TASK DIRECTIONS
Please go through the records below and return every line holding the word "shows".

------------------------------------------------------------------------

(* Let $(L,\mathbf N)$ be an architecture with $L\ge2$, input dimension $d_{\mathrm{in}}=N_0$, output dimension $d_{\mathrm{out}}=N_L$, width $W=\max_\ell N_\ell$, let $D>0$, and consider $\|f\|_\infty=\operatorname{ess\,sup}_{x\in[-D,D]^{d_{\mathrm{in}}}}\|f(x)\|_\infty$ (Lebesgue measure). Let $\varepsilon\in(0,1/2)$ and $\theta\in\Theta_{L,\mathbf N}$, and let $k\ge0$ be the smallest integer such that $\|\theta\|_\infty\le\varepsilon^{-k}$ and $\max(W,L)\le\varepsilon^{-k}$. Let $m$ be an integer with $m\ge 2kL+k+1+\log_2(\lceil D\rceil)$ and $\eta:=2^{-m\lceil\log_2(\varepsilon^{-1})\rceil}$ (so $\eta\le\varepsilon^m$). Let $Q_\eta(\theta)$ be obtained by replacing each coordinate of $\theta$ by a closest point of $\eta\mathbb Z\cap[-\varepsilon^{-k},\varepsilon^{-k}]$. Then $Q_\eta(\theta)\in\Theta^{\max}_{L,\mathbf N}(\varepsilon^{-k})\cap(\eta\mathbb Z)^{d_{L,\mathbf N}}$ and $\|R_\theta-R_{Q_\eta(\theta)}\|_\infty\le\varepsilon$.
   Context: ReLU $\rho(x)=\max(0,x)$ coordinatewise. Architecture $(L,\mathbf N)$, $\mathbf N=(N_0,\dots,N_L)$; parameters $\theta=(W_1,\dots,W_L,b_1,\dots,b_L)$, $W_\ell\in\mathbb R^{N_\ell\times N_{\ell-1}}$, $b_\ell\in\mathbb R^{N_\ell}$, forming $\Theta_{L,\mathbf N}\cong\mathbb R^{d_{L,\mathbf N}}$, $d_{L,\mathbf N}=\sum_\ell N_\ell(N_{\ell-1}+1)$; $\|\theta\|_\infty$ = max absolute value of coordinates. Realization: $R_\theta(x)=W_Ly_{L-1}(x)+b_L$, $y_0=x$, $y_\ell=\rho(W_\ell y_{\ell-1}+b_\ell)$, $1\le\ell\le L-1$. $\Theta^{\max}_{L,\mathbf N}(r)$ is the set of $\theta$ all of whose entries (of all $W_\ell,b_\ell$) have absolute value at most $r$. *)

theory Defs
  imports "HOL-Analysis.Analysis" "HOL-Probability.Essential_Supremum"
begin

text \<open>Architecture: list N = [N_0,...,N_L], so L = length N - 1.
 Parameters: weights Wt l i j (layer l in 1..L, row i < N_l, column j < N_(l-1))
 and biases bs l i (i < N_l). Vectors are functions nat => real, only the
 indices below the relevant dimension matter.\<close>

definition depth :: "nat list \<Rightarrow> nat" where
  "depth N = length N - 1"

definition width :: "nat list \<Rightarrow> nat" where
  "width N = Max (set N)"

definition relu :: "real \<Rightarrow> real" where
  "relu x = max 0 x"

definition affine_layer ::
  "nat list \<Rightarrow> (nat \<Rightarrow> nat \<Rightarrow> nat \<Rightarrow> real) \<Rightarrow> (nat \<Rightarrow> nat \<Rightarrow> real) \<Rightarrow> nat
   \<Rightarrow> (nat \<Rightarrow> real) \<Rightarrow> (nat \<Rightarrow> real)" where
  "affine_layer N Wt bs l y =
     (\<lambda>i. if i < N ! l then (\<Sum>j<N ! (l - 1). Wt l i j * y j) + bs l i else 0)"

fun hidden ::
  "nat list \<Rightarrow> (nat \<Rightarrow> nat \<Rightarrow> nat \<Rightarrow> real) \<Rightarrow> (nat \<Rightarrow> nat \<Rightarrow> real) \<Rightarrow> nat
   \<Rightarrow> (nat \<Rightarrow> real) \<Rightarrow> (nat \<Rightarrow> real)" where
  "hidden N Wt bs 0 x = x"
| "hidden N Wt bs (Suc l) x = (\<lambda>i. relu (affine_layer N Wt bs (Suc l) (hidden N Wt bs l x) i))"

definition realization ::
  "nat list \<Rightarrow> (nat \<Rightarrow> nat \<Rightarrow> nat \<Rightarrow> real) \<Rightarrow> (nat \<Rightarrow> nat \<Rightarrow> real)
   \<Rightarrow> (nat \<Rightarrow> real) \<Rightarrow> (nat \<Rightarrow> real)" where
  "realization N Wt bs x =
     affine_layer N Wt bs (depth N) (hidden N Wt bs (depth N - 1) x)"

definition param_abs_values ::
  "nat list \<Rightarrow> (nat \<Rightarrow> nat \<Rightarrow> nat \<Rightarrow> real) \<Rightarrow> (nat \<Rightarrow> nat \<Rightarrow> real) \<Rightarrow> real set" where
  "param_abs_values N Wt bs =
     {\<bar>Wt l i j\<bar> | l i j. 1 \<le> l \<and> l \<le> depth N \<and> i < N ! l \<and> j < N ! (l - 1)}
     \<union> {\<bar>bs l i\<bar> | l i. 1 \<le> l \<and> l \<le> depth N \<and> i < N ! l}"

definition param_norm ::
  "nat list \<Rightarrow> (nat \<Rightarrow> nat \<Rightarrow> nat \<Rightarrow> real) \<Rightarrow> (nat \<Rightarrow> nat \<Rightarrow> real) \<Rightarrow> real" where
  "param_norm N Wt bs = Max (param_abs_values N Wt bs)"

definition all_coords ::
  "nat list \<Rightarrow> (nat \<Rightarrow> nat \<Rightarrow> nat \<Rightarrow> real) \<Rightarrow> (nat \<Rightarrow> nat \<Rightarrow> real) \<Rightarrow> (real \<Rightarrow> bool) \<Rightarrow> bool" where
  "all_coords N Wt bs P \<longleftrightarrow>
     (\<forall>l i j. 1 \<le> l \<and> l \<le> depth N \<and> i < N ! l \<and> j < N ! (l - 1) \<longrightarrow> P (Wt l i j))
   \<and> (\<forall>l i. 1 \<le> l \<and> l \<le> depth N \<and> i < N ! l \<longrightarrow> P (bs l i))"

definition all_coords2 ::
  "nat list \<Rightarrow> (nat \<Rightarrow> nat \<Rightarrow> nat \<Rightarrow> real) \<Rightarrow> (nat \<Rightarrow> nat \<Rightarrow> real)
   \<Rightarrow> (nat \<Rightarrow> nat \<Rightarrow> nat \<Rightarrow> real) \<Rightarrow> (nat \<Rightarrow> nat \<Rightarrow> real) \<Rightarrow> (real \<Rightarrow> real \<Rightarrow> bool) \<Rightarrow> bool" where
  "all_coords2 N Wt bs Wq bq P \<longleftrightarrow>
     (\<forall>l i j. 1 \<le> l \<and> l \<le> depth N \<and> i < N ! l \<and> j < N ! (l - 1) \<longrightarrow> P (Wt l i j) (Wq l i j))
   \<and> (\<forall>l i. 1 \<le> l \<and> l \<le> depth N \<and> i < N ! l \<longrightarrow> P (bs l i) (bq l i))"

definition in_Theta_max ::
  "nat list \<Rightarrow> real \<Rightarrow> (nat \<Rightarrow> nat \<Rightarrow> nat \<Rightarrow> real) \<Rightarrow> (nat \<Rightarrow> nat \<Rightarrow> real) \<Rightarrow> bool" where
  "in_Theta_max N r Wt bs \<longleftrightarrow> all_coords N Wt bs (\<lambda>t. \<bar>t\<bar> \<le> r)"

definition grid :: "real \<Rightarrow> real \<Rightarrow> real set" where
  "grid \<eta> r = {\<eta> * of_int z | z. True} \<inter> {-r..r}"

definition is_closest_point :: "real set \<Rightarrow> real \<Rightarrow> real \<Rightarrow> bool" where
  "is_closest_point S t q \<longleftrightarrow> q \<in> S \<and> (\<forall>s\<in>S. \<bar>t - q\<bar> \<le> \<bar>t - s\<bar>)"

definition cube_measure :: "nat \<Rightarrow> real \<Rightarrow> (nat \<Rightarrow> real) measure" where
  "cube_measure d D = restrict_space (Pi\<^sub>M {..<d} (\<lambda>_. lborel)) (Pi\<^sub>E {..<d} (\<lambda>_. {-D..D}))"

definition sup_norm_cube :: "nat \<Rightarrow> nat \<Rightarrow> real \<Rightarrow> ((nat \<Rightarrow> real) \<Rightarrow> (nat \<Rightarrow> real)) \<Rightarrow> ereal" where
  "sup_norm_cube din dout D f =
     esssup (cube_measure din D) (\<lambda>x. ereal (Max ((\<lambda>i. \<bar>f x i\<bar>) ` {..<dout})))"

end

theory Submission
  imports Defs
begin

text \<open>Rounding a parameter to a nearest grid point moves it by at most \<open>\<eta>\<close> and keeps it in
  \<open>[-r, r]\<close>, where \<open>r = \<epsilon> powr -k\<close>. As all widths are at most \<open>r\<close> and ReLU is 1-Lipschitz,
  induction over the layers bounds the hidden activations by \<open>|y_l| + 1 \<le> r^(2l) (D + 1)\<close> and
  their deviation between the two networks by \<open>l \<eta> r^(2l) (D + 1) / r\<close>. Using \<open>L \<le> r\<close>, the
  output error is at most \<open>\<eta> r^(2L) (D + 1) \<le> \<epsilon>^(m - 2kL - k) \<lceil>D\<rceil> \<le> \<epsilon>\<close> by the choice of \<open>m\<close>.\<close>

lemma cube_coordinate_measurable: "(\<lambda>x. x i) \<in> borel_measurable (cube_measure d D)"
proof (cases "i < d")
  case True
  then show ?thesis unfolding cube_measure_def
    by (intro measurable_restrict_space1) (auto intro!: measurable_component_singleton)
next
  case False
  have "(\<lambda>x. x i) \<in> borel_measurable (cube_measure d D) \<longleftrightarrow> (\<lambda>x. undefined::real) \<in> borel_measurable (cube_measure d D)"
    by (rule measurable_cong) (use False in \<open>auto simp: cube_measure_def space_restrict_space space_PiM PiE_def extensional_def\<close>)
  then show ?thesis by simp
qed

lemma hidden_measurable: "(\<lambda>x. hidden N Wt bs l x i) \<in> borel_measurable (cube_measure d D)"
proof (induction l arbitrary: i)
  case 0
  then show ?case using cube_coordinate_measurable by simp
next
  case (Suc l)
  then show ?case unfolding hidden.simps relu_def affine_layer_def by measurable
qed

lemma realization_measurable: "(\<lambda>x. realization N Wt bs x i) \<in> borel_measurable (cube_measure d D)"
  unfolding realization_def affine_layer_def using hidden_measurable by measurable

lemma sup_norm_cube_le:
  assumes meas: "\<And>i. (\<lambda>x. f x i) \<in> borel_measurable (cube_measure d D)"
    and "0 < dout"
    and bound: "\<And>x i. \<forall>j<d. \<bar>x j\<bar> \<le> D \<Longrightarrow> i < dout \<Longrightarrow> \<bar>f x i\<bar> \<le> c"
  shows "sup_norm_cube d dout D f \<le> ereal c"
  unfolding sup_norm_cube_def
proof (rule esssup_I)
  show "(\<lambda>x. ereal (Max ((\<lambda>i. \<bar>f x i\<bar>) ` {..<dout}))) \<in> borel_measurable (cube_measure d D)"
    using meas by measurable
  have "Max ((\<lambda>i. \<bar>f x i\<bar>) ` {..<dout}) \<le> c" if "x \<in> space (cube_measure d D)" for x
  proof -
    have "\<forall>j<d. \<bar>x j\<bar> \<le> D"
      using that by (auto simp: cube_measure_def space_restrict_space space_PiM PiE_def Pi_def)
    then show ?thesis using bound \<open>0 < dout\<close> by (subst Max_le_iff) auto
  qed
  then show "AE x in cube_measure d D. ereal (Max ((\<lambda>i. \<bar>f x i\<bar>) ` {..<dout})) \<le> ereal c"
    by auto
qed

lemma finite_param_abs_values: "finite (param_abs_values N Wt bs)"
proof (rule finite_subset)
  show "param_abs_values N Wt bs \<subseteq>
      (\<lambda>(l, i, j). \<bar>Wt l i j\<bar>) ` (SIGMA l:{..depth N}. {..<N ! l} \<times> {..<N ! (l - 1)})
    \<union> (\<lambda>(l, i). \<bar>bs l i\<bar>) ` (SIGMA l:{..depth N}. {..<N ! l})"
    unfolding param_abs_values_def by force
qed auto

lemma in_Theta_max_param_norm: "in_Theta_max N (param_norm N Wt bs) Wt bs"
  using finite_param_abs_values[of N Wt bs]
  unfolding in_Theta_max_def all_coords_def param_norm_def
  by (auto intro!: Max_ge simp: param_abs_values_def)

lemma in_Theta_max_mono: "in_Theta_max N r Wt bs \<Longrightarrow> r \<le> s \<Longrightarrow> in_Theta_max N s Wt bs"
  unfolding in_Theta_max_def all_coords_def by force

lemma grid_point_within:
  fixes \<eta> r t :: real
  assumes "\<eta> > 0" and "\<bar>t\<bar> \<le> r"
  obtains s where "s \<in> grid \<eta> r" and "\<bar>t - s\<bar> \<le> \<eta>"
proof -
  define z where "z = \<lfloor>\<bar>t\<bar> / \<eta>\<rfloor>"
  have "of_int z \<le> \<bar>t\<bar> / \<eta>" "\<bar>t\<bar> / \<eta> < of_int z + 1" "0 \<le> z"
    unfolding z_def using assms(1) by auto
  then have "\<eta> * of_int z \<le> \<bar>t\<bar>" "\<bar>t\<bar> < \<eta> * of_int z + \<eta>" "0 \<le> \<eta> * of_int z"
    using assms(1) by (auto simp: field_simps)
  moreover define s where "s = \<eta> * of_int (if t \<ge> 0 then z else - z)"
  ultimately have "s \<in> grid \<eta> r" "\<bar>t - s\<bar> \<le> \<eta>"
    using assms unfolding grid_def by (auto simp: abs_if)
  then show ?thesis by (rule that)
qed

------------------------------------------------------------------------

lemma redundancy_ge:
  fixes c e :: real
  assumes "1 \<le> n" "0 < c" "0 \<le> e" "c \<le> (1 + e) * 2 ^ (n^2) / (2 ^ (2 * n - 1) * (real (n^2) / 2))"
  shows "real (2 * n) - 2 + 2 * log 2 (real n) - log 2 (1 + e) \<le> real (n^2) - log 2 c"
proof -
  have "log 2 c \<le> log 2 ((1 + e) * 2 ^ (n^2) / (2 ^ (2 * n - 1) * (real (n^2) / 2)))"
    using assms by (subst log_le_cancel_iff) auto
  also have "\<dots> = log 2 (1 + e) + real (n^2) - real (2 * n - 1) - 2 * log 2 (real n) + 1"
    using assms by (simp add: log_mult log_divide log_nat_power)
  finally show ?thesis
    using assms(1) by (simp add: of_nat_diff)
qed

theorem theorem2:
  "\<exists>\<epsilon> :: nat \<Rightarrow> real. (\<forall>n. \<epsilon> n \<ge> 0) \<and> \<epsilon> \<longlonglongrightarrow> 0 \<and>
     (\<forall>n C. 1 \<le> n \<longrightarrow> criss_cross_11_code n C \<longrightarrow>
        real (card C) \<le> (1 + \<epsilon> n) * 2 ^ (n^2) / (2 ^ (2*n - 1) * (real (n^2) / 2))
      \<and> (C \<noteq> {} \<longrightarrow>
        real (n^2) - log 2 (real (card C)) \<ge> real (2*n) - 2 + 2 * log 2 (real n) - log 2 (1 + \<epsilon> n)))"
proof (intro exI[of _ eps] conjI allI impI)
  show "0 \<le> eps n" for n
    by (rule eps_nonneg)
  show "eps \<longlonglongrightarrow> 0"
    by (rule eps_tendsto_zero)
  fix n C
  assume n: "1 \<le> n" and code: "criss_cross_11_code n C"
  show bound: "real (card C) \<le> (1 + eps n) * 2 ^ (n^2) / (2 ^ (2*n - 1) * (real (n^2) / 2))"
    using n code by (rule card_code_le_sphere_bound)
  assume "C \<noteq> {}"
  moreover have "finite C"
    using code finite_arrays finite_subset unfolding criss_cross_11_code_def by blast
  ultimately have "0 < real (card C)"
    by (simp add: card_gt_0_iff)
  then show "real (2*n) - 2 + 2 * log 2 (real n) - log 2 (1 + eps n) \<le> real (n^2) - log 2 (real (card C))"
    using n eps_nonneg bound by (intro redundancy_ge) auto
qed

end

------------------------------------------------------------------------

FINAL ANSWER
  shows "sup_norm_cube d dout D f \<le> ereal c"
  shows "real (2 * n) - 2 + 2 * log 2 (real n) - log 2 (1 + e) \<le> real (n^2) - log 2 c"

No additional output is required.